Fairness of Exposure in Online Restless Multi-armed Bandits
This addresses fairness issues in online decision-making for real-world applications like resource allocation, though it is incremental as it extends fairness concepts from offline to online settings.
The paper tackles the problem of unfair exposure in online restless multi-armed bandits, where optimal policies often neglect some arms, and proposes the first fair framework that allocates pulls proportionally to arm merit, achieving sublinear fairness regret of O(√(T ln T)) in the single-pull case.

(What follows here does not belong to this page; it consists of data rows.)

lemma alt_power_closure_nth:
  assumes "w \<in> cyc_closure {alt_power L c d k}" "0 < L"
  shows "length w = 2 * L * k \<and>
    (\<exists>s b. \<forall>i < 2 * L * k. w ! i = signed_letter b (alt_letter L c d (int i + s)))"
  using assms(1)
proof induction
  case (base r)
  then have "\<forall>i < 2 * L * k. r ! i = signed_letter True (alt_letter L c d (int i + 0))"
    by (simp add: nth_alt_power signed_letter_def)
  with base show ?case by (auto simp: length_alt_power simp del: add_0_right)
next
  case (shift w)
  define N where "N = 2 * L * k"
  from shift obtain s b where len: "length w = N"
    and w: "\<forall>i < N. w ! i = signed_letter b (alt_letter L c d (int i + s))"
    unfolding N_def by blast
  have "alt_letter L c d (int (Suc i mod N) + s) = alt_letter L c d (int i + (s + 1))" for i
  proof (rule alt_letter_mod_cong)
    have "2 * int L dvd int N" by (simp add: N_def)
    then have "(int (Suc i mod N) + s) mod (2 * int L) = (int (Suc i) + s) mod (2 * int L)"
      by (simp only: of_nat_mod mod_add_left_eq[symmetric, of "int (Suc i) mod int N"] mod_mod_cancel)
         (simp only: mod_add_left_eq)
    then show "(int (Suc i mod N) + s) mod (2 * int L) = (int i + (s + 1)) mod (2 * int L)"
      by (simp add: ac_simps)
  qed
  then have "\<forall>i < N. rotate1 w ! i = signed_letter b (alt_letter L c d (int i + (s + 1)))"
    using w len by (auto simp: nth_rotate1)
  then show ?case using len N_def by auto
next
  case (inverse w)
  define N where "N = 2 * L * k"
  from inverse obtain s b where len: "length w = N"
    and w: "\<forall>i < N. w ! i = signed_letter b (alt_letter L c d (int i + s))"
    unfolding N_def by blast
  have "alt_letter L c d (int (N - Suc i) + s) = alt_letter L c d (int i + (int L - int N - s))"
    if "i < N" for i
    using that alt_letter_reflect[OF assms(2), of c d "int i + 1 - int N - s"]
    by (simp add: of_nat_diff algebra_simps)
  then have "\<forall>i < N. word_inv w ! i
      = signed_letter (\<not> b) (alt_letter L c d (int i + (int L - int N - s)))"
    using w len by (auto simp: word_inv_def rev_nth)
  then show ?case using len N_def by (auto simp: word_inv_def)
qed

Restless multi-armed bandits (RMABs) generalize the multi-armed bandits where each arm exhibits Markovian behavior and transitions according to their transition dynamics. Solutions to RMAB exist for both offline and online cases. However, they do not consider the distribution of pulls among the arms. Studies have shown that optimal policies lead to unfairness, where some arms are not exposed enough. Existing works in fairness in RMABs focus heavily on the offline case, which diminishes their application in real-world scenarios where the environment is largely unknown. In the online scenario, we propose the first fair RMAB framework, where each arm receives pulls in proportion to its merit. We define the merit of an arm as a function of its stationary reward distribution. We prove that our algorithm achieves sublinear fairness regret in the single pull case $O(\sqrt{T\ln T})$, with $T$ being the total number of episodes. Empirically, we show that our algorithm performs well in the multi-pull scenario as well.